Perhaps, compared to a faltering economy, an unprecedented mortgage crisis, healthcare woes, and a global environment teetering on the brink, a few college kids doing bong hits seems like small potatoes. Still, Obama must realize that young people smoking marijuana today are not just breaking the law but funding deadly Mexican cartels whose rampant violence threatens to spill over our border—and it is closely linked to many of the other problems facing this administration. All evidence indicates that illegal drug use climbs during trying economic times (especially among the under- or unemployed); such periods also boost recidivism and lure people with clean records into first-time criminal enterprise. And more and more Americans are self-medicating in lieu of insurance-covered pharmaceuticals administered by a doctor. (In most cities, a vial of crack remains cheaper than even a modest co-pay.) Last but not least, Mexico’s own economic crisis is underpinned by its agricultural base succumbing to widespread drought caused by global climate change. Places in central Mexico long considered closed-off to the drug cartels because of their traditional lifestyles, now, under the threat of losing their homes, are opening their doors to traffickers.
We have attempted to explore this complex web in the latter parts of this issue, by dispatching our writers to the heart of the foreclosure crisis in Florida, the desertified mountains of the Yucatán, and the economically devastated cities of Troy, New York, and Gulfport, Mississippi. In these last cases, we enlisted teams of poets, photographers, and radio producers to interview people living on the economic edge and to document their lives. In the case of Natasha Trethewey, in Gulfport, the story took an unexpected turn toward the personal—reporting, in poems, on how her own brother’s frustration after Hurricane Katrina destroyed by the economy of the Gulf Coast led him into the world of drugs and eventually landed him in prison. (These pieces, as part of the In Verse project co-funded by the Corporation for Public Broadcasting, also have turned into radio stories for Studio 360 with Kurt Andersen.)

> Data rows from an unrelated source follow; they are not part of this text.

theorem Cauchy_Binet_det_nat:
  fixes X :: "'a::{idom,ring_char_0}^'n::{finite,linorder}^'m" and Y :: "'a^'p^'n::{finite,linorder}"
  shows "det_nat m (\<lambda>k l. (X ** Y) $ r k $ c l) =
    (\<Sum>L | card L = m. det_nat m (\<lambda>k l. X $ r k $ (sorted_list_of_set L ! l)) *
                       det_nat m (\<lambda>k l. Y $ (sorted_list_of_set L ! k) $ c l))"
proof -
  let ?Inj = "{f \<in> {..<m} \<rightarrow>\<^sub>E (UNIV :: 'n set). inj_on f {..<m}}"
  let ?g = "\<lambda>f. (\<Prod>k<m. X $ r k $ f k) * det_nat m (\<lambda>k l. Y $ f k $ c l)"
  have "(\<Sum>f\<in>?Inj. ?g f) = (\<Sum>L | card L = m. \<Sum>f \<in> {f \<in> ?Inj. f ` {..<m} = L}. ?g f)"
  proof (rule sum.group[symmetric])
    show "(\<lambda>f. f ` {..<m}) ` ?Inj \<subseteq> {L. card L = m}"
    proof (rule image_subsetI)
      fix f assume "f \<in> ?Inj"
      then show "f ` {..<m} \<in> {L. card L = m}" by (simp add: card_image)
    qed
  qed (simp_all add: finite_PiE)
  also have "\<dots> = (\<Sum>L | card L = m. det_nat m (\<lambda>k l. X $ r k $ (sorted_list_of_set L ! l)) *
                       det_nat m (\<lambda>k l. Y $ (sorted_list_of_set L ! k) $ c l))"
  proof (rule sum.cong[OF refl])
    fix L :: "'n set" assume "L \<in> {L. card L = m}"
    then have L: "finite L" "card L = m" by auto
    define s where "s = sorted_list_of_set L"
    have "{f \<in> ?Inj. f ` {..<m} = L} = {f \<in> {..<m} \<rightarrow>\<^sub>E UNIV. bij_betw f {..<m} L}"
      by (auto simp: bij_betw_def)
    then have "(\<Sum>f \<in> {f \<in> ?Inj. f ` {..<m} = L}. ?g f) =
          (\<Sum>\<sigma> | \<sigma> permutes {..<m}. ?g (restrict (\<lambda>k. s ! \<sigma> k) {..<m}))"
      using sum.reindex_bij_betw[OF bij_betw_permutes_enumerations[OF L], of ?g] by (simp add: s_def)
    also have "\<dots> = (\<Sum>\<sigma> | \<sigma> permutes {..<m}.
        of_int (sign \<sigma>) * (\<Prod>k<m. X $ r k $ (s ! \<sigma> k)) * det_nat m (\<lambda>k l. Y $ (s ! k) $ c l))"
    proof (rule sum.cong[OF refl])
      fix \<sigma> assume "\<sigma> \<in> {\<sigma>. \<sigma> permutes {..<m}}"
      then have "det_nat m (\<lambda>k l. Y $ (s ! \<sigma> k) $ c l) = of_int (sign \<sigma>) * det_nat m (\<lambda>k l. Y $ (s ! k) $ c l)"
        using det_nat_permute_rows[of \<sigma> m "\<lambda>k l. Y $ (s ! k) $ c l"] by simp
      moreover have "det_nat m (\<lambda>k l. Y $ restrict (\<lambda>k. s ! \<sigma> k) {..<m} k $ c l) =
          det_nat m (\<lambda>k l. Y $ (s ! \<sigma> k) $ c l)"
        by (rule det_nat_cong) simp
      ultimately show "?g (restrict (\<lambda>k. s ! \<sigma> k) {..<m}) =
          of_int (sign \<sigma>) * (\<Prod>k<m. X $ r k $ (s ! \<sigma> k)) * det_nat m (\<lambda>k l. Y $ (s ! k) $ c l)"
        by (simp add: mult_ac)
    qed
    also have "\<dots> = det_nat m (\<lambda>k l. X $ r k $ (s ! l)) * det_nat m (\<lambda>k l. Y $ (s ! k) $ c l)"
      by (simp add: det_nat_def sum_distrib_right)
    finally show "(\<Sum>f \<in> {f \<in> ?Inj. f ` {..<m} = L}. ?g f) =
        det_nat m (\<lambda>k l. X $ r k $ (sorted_list_of_set L ! l)) * det_nat m (\<lambda>k l. Y $ (sorted_list_of_set L ! k) $ c l)"
      by (simp add: s_def)
  qed
  finally show ?thesis by (simp add: det_nat_matrix_mult_injections)
qed

lemma minor_eq_det_nat:
  "minor A I J = det_nat (card I) (\<lambda>k l. A $ (sorted_list_of_set I ! k) $ (sorted_list_of_set J ! l))"
  by (simp add: minor_def det_nat_def)

lemma compound_matrix_mult:
  fixes X Y :: "((real, 'n::{finite,linorder}) vec, 'n) vec"
  shows "compound j (X ** Y) = compound j X ** compound j Y"
proof -
  have "compound j (X ** Y) $ I $ J = (compound j X ** compound j Y) $ I $ J" for I J :: "'n set"
  proof (cases "card I = j \<and> card J = j")
    case True
    have "(compound j X ** compound j Y) $ I $ J = (\<Sum>L | card L = j. minor X I L * minor Y L J)"
      using True by (simp add: matrix_matrix_mult_def compound_def sum.If_cases if_distrib if_distribR)
    also have "\<dots> = minor (X ** Y) I J"
      using True by (simp add: minor_eq_det_nat Cauchy_Binet_det_nat)
    finally show ?thesis using True by (simp add: compound_def)
  next
    case False
    then show ?thesis by (auto simp: compound_def matrix_matrix_mult_def)
  qed
  then show ?thesis by (simp add: vec_eq_iff)
qed

lemma minor_mat_1:
  assumes "card I = card J"
  shows "minor (mat 1 :: ((real, 'n::{finite,linorder}) vec, 'n) vec) I J = (if I = J then 1 else 0)"
proof -
  define sI where "sI = sorted_list_of_set I"
  define sJ where "sJ = sorted_list_of_set J"
  have sI: "length sI = card I" "distinct sI" "set sI = I" and sJ: "length sJ = card J" "set sJ = J"
    by (simp_all add: sI_def sJ_def)
  have minor: "minor (mat 1 :: ((real, 'n) vec, 'n) vec) I J = det_nat (card I) (\<lambda>k l. if sI ! k = sJ ! l then 1 else 0)"
    by (simp add: minor_eq_det_nat mat_def sI_def sJ_def)
  show ?thesis
  proof (cases "I = J")
    case True
    then have "det_nat (card I) (\<lambda>k l. if sI ! k = sJ ! l then 1 else 0) =
        det_nat (card I) (\<lambda>k l. if k = l then 1 else 0)"
      using sI by (intro det_nat_cong) (simp add: sI_def sJ_def nth_eq_iff_index_eq)
    then show ?thesis using True minor by (simp add: det_nat_delta)
  next
    case False
    have "\<not> I \<subseteq> J"
      using False assms card_subset_eq[of J I] by auto
    then obtain i where "i \<in> I" "i \<notin> J" by blast
    then obtain k where k: "k < card I" "sI ! k \<notin> J"
      using sI by (metis in_set_conv_nth)
    have "det_nat (card I) (\<lambda>k l. if sI ! k = sJ ! l then 1 else 0) =
        det_nat (card I) (\<lambda>k' l. if k' = k then 0 else if sI ! k' = sJ ! l then 1 else 0)"
      using k nth_mem[of _ sJ] sJ assms by (intro det_nat_cong) auto
    also have "\<dots> = 0" by (rule det_nat_zero_row[OF k(1)]) simp
    finally show ?thesis using False minor by simp
  qed
qed

lemma compound_mat_1_mult_vec:
  assumes "v \<in> ext_space j"
  shows "compound j (mat 1 :: ((real, 'n::{finite,linorder}) vec, 'n) vec) *v v = v"
proof -
  have "(compound j (mat 1 :: ((real, 'n) vec, 'n) vec) *v v) $ I = v $ I" for I
  proof (cases "card I = j")
    case True
    then have "(compound j (mat 1 :: ((real, 'n) vec, 'n) vec) *v v) $ I = (\<Sum>J\<in>UNIV. if J = I then v $ J else 0)"
      unfolding matrix_vector_mult_def compound_def vec_lambda_beta
      by (intro sum.cong) (auto simp: minor_mat_1)
    also have "\<dots> = v $ I" by (simp add: sum.delta')
    finally show ?thesis .
  next
    case False
    then show ?thesis using assms by (simp add: matrix_vector_mult_def compound_def ext_space_def)
  qed
  then show ?thesis by (simp add: vec_eq_iff)
qed

lemma compound_mult_vec_in_ext_space:
  "compound j (M :: ((real, 'n::{finite,linorder}) vec, 'n) vec) *v x \<in> ext_space j"
  by (simp add: ext_space_def matrix_vector_mult_def compound_def)

lemma subspace_ext_space: "subspace (ext_space j)"
  unfolding subspace_def ext_space_def by auto

context
  fixes j :: nat and h g :: "(real, 'n::finite set) vec \<Rightarrow> (real, 'n set) vec"
  assumes linear: "linear h" "linear g"
    and maps: "\<And>v. v \<in> ext_space j \<Longrightarrow> h v \<in> ext_space j" "\<And>v. v \<in> ext_space j \<Longrightarrow> g v \<in> ext_space j"
    and inverse: "\<And>v. v \<in> ext_space j \<Longrightarrow> g (h v) = v" "\<And>v. v \<in> ext_space j \<Longrightarrow> h (g v) = v"
begin

lemma image_eq_ext_space_Int_vimage:
  assumes "T \<subseteq> ext_space j"
  shows "h ` T = ext_space j \<inter> g -` T"
proof
  show "h ` T \<subseteq> ext_space j \<inter> g -` T" using assms maps inverse by auto
  show "ext_space j \<inter> g -` T \<subseteq> h ` T"
  proof
    fix y assume "y \<in> ext_space j \<inter> g -` T"
    then show "y \<in> h ` T" using inverse(2)[of y] by (metis IntD1 IntD2 image_eqI vimageD)
  qed
qed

Reading the stories of so many lives derailed by drugs and hobbled by poverty, one can’t help but ask: are we winning the war on drugs? It’s been exactly forty years since Richard Nixon declared drug abuse “a serious national threat” and coined the phrase “War on Drugs.” With Juárez now the murder capital of the world, the Mexican army outgunned by the cartels, and narcotics more available than ever on the streets of the United States, it would be hard to claim that we’re winning this war. Perhaps, in such financially strapped times, it is time to seek out a more effective solution.

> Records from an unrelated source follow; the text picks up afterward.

lemma W_deviation:
  assumes "tt k \<le> T_return"
  shows "\<bar>pV (SS k) / eps - pV s0 / eps\<bar> \<le> C_W * eps"
proof -
  have X: "0 < pX (SS k)" "pX (SS k) < 1" "0 < X0" "X0 < 1"
    using X_range_D[OF X_range_SS[OF assms]] X_range_D[OF X_range_if_close]
      eps_pos W_bound_ge_1 T_return_pos
    by auto
  have "momentum_rate * tt k \<le> momentum_rate * T_return"
    using assms unfolding momentum_rate_def speed_bound_def
    using m1_pos m2_pos a_pos right_margin_pos v_bound_ge_1 W_bound_ge_1
      by (intro mult_left_mono) auto
  then have "\<bar>weighted_momentum M m1 m2 (SS k) - weighted_momentum M m1 m2 s0\<bar>
      \<le> momentum_rate * T_return"
    using weighted_momentum_drift[OF assms] by linarith
  then have "\<bar>(weighted_momentum M m1 m2 (SS k) - m1 * pv1 (SS k) * (px1 (SS k) / pX (SS k))
      - m2 * pv2 (SS k) * ((1 - px2 (SS k)) / (1 - pX (SS k))))
      - (weighted_momentum M m1 m2 s0 - m1 * pv1 s0 * (px1 s0 / X0)
      - m2 * pv2 s0 * ((1 - px2 s0) / (1 - X0)))\<bar> \<le> C_W"
    using weight_terms_bound[OF ordered_SS X(1,2) energy_SS]
      weight_terms_bound[OF ordered_s0 X(3,4) refl]
    unfolding C_W_def abs_le_iff by (simp add: algebra_simps)
  then show ?thesis
    unfolding W_eq_weighted_momentum[of "SS k"] W_eq_weighted_momentum[of s0]
    using eps_pos by (simp add: right_diff_distrib[symmetric] abs_mult mult.commute)
qed

lemma v2_deviation:
  assumes "tt k \<le> T_return" "\<bar>\<bar>pv1 (SS k)\<bar> - s1\<bar> \<le> C_v1 * eps"
  shows "\<bar>\<bar>pv2 (SS k)\<bar> - s2\<bar> \<le> C_v2 * eps"
proof -
  have "(pV (SS k) / eps)\<^sup>2 + m1 * (pv1 (SS k))\<^sup>2 + m2 * (pv2 (SS k))\<^sup>2
      = (pV s0 / eps)\<^sup>2 + m1 * (pv1 s0)\<^sup>2 + m2 * (pv2 s0)\<^sup>2"
    using energy_SS[of k] unfolding energy_scaled .
  from speed_deviation_from_energy[OF this W_deviation[OF assms(1)] SS_bounds(1)
      energy_level_bounds(1)[OF refl] assms(2) SS_bounds(3) energy_level_bounds(3)[OF refl]
      v2_s0(1) m1_pos m2_pos c_pos]
  show ?thesis unfolding C_v2_def .
qed

lemma V_small: "energy M m1 m2 s = E0 \<Longrightarrow> \<bar>pV s\<bar> \<le> c / 16"
  using energy_level_bounds(2) eps_small(3) by fastforce

lemma slow_regime:
  assumes "tt k \<le> T_return" "\<bar>\<bar>pv1 (SS k)\<bar> - s1\<bar> \<le> C_v1 * eps"
  shows "c / 2 \<le> \<bar>pv1 (SS k)\<bar>" "c / 2 \<le> \<bar>pv2 (SS k)\<bar>"
  using assms(2) v2_deviation[OF assms] eps_small(4,5) v1_s0(1) v2_s0(1)
  unfolding abs_le_iff by (simp_all add: mult.commute)

definition right_gap :: "pst \<Rightarrow> real" where
  "right_gap s = (if pv2 s < 0 then px2 s - pX s else 1 - px2 s)"

lemma right_gap_resolve_left [simp]: "right_gap (resolve_left M' m s) = right_gap s"
  unfolding right_gap_def by simp

lemma right_gap_nonneg: "ordered_config s \<Longrightarrow> 0 \<le> right_gap s"
  unfolding right_gap_def ordered_config_def by auto

lemma right_gap_fly:
  assumes "\<bar>pV S\<bar> \<le> c / 16" "c / 2 \<le> \<bar>pv2 S\<bar>" "energy M m1 m2 S = E0" "0 \<le> d"
  shows "right_gap S - speed_bound * d \<le> right_gap (fly S d)"
    and "(pv2 S < pV S \<and> px2 (fly S d) = pX (fly S d)) \<or> (0 < pv2 S \<and> px2 (fly S d) = 1)
      \<Longrightarrow> right_gap (fly S d) = 0"
proof -
  have "\<bar>pV S\<bar> \<le> W_bound" "\<bar>pv2 S\<bar> \<le> v_bound"
    using V_le_W_bound energy_level_bounds(4) assms(3) by auto
  then have "\<bar>pV S - pv2 S\<bar> * d \<le> speed_bound * d" "\<bar>pv2 S\<bar> * d \<le> speed_bound * d"
    unfolding speed_bound_def using assms(4) by (auto intro!: mult_right_mono)
  then show "right_gap S - speed_bound * d \<le> right_gap (fly S d)"
    using assms(1,2) c_pos unfolding right_gap_def abs_le_iff by (auto simp: algebra_simps)
  show "(pv2 S < pV S \<and> px2 (fly S d) = pX (fly S d)) \<or> (0 < pv2 S \<and> px2 (fly S d) = 1)
      \<Longrightarrow> right_gap (fly S d) = 0"
    using assms(1,2) c_pos unfolding right_gap_def by auto
qed

lemma right_gap_resolve_right:
  assumes "\<bar>pV u\<bar> \<le> c / 16" "c / 2 \<le> \<bar>pv2 u\<bar>" "right_margin \<le> 1 - pX u"
  shows "right_gap u = 0 \<Longrightarrow> right_margin \<le> right_gap (resolve_right M m2 u)"
    and "right_gap u \<noteq> 0 \<Longrightarrow> right_gap (resolve_right M m2 u) = right_gap u"
proof -
  consider "pv2 u \<le> - c / 2" | "c / 2 \<le> pv2 u" using assms(2) by linarith
  then have "(right_gap u = 0 \<longrightarrow> right_margin \<le> right_gap (resolve_right M m2 u))
      \<and> (right_gap u \<noteq> 0 \<longrightarrow> right_gap (resolve_right M m2 u) = right_gap u)"
  proof cases
    case 1
    then have "pv2 u < 0" "pv2 u < pV u" using assms(1) c_pos by auto
    moreover have "0 < pv2 (collide_right M m2 u)"
      using heavy_collision_reverses[OF eps_small(6) m2_pos 1 assms(1) c_pos] by simp
    ultimately show ?thesis
      using assms(3) unfolding right_gap_def resolve_right_def by auto
  next
    case 2
    then have "0 < pv2 u" "\<not> pv2 u < pV u" using assms(1) c_pos by auto
    then show ?thesis
      using assms(3) right_margin_pos unfolding right_gap_def resolve_right_def by auto
  qed
  then show "right_gap u = 0 \<Longrightarrow> right_margin \<le> right_gap (resolve_right M m2 u)"
    and "right_gap u \<noteq> 0 \<Longrightarrow> right_gap (resolve_right M m2 u) = right_gap u" by blast+
qed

With so much at stake, perhaps it’s even time to consider legalizing and taxing marijuana. Such a move would undercut the “cash cow” that supports the Mexican drug cartels, would create a tax base to fight harder drugs, and would allow drug enforcement agents to focus their interdiction efforts. It would be the boldest move yet from an Obama administration that has already shown a willingness to risk choppy political waters—but then, to quote the president, that’s the point.